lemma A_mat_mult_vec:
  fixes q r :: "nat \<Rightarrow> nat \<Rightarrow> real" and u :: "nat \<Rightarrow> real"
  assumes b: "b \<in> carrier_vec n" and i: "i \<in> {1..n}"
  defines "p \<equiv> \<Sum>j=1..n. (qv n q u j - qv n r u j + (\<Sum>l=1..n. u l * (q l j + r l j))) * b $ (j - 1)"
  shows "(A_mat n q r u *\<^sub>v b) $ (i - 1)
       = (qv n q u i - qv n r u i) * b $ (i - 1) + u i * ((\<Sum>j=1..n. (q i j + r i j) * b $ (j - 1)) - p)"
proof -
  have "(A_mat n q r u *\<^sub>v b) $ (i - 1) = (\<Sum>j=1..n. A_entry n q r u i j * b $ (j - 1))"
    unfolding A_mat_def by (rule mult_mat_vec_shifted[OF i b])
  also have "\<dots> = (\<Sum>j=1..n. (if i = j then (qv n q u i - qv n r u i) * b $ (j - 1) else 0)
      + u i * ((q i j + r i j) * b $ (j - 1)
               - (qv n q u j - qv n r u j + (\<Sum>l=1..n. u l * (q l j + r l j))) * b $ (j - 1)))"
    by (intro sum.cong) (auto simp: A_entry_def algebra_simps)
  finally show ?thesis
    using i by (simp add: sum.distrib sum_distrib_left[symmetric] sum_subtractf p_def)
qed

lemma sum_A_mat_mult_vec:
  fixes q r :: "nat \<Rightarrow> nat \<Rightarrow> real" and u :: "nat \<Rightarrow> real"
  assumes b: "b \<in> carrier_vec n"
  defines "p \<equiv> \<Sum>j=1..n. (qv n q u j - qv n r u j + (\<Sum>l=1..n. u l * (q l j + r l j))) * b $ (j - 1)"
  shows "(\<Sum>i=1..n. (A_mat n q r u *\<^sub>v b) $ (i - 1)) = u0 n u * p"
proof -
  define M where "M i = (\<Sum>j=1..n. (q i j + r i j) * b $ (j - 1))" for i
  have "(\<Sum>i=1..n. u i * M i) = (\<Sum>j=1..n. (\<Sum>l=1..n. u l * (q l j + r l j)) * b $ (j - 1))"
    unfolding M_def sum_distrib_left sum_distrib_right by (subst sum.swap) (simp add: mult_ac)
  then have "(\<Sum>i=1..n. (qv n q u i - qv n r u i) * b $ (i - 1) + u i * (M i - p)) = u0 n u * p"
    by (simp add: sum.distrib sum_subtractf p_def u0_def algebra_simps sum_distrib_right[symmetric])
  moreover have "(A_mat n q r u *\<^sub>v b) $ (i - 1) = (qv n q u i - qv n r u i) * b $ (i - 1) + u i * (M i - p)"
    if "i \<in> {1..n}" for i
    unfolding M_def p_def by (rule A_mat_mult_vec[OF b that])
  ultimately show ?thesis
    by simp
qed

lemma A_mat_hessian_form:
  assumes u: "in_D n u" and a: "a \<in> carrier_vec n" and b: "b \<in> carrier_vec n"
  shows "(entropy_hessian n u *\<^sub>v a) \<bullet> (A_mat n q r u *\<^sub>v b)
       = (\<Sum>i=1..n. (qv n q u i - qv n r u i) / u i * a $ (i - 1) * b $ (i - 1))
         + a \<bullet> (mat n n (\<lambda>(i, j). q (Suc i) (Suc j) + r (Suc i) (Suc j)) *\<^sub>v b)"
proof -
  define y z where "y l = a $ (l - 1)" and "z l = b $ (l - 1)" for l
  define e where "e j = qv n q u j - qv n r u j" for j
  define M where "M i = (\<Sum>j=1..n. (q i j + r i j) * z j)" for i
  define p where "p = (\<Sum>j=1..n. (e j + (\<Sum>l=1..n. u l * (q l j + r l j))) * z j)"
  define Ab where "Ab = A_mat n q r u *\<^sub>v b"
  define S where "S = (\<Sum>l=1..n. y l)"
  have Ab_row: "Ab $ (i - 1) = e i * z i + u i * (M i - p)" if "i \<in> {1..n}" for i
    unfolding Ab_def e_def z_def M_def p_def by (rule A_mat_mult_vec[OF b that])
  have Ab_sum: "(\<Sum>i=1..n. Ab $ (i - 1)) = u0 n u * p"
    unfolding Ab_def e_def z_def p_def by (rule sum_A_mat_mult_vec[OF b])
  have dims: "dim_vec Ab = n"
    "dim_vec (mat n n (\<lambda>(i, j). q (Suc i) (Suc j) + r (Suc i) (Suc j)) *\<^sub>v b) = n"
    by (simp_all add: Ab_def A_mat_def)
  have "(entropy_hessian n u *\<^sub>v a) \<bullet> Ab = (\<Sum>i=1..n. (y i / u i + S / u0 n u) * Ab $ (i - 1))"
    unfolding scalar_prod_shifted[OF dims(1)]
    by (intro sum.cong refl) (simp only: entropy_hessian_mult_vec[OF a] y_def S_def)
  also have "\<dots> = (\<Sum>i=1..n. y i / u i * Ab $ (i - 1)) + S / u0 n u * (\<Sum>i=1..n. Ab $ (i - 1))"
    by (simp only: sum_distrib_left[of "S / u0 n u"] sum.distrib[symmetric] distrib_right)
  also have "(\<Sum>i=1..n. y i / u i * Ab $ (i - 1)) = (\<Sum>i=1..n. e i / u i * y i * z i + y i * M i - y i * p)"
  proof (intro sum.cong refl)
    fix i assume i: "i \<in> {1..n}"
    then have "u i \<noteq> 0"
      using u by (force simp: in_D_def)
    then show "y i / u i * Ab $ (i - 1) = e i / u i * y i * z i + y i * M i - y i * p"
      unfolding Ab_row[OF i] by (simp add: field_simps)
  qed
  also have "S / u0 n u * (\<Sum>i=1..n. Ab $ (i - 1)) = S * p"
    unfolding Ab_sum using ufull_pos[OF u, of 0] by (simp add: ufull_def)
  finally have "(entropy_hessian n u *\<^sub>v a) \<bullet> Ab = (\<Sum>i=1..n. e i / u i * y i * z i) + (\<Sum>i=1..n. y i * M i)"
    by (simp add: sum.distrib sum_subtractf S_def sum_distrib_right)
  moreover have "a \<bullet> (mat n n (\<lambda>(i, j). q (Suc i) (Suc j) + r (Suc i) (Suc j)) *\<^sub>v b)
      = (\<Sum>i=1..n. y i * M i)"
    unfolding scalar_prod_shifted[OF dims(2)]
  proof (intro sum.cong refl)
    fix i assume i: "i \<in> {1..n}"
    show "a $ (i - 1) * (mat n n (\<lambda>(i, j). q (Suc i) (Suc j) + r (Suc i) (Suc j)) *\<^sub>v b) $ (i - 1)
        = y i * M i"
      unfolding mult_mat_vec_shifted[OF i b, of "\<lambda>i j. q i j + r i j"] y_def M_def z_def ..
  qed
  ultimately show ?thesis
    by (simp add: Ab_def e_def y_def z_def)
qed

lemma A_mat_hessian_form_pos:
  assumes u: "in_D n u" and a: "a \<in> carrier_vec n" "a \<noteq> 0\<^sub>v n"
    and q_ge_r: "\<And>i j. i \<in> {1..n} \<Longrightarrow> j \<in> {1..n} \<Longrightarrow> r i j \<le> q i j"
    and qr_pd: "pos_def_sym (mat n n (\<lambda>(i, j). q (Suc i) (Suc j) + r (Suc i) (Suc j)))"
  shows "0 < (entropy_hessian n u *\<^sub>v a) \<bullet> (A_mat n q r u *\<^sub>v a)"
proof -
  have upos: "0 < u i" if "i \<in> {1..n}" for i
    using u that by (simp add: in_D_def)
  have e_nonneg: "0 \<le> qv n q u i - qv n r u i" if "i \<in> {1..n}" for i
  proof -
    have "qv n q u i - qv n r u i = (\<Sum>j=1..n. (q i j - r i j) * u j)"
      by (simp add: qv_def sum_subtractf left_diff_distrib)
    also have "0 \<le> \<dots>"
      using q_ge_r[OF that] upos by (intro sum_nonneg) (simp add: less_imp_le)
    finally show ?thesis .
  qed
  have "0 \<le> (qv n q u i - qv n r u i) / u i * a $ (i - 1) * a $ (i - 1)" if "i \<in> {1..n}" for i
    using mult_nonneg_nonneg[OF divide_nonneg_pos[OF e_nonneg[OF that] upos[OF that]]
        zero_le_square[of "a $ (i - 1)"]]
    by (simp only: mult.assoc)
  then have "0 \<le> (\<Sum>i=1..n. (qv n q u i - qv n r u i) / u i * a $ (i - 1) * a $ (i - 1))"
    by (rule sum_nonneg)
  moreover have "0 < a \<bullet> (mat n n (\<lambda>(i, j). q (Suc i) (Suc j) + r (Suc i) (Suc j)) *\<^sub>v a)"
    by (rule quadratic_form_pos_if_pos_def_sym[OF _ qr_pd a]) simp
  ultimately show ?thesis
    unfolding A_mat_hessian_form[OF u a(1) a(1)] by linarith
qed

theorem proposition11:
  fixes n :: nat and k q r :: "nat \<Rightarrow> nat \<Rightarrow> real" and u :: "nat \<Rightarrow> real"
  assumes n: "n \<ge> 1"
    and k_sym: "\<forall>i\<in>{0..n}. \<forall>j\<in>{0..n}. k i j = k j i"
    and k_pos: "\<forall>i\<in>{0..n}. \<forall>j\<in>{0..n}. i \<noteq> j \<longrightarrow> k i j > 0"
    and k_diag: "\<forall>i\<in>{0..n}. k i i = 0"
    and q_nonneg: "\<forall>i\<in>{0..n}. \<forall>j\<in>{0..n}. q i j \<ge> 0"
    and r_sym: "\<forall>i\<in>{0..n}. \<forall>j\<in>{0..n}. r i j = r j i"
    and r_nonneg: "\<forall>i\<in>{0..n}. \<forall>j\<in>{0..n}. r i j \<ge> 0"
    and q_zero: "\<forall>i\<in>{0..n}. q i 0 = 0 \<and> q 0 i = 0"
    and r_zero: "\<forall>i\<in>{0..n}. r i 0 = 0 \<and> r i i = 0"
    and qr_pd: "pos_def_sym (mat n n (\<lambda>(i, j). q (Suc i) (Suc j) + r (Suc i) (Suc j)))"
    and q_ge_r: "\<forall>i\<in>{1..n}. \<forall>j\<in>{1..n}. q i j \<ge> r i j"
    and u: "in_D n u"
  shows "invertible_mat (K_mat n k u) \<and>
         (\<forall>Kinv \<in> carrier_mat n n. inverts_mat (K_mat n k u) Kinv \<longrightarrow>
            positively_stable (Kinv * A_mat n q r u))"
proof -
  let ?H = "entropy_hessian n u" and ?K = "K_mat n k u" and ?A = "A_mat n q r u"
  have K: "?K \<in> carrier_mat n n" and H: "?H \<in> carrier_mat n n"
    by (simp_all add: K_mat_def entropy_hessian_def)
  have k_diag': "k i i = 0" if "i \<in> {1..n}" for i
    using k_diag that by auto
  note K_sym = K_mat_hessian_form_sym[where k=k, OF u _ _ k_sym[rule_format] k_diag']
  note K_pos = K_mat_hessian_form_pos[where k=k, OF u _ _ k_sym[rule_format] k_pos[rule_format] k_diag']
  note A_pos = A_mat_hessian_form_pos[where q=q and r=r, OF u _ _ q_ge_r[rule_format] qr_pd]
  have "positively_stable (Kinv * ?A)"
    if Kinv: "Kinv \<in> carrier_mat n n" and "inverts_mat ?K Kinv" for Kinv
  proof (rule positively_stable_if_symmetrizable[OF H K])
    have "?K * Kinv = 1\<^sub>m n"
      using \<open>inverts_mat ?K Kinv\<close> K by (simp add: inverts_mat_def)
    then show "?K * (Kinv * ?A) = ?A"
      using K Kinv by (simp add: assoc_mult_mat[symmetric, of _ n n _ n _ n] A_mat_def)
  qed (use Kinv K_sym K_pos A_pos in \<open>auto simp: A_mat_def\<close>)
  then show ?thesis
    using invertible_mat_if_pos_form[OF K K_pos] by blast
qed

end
————————
■ **WHAT THE TASK REQUIRES**
Where the word "lemma" shows up in a line of the listing, return that line.

■ **SOLUTION TO THE EXERCISE**
lemma A_mat_mult_vec:
lemma sum_A_mat_mult_vec:
lemma A_mat_hessian_form:
lemma A_mat_hessian_form_pos:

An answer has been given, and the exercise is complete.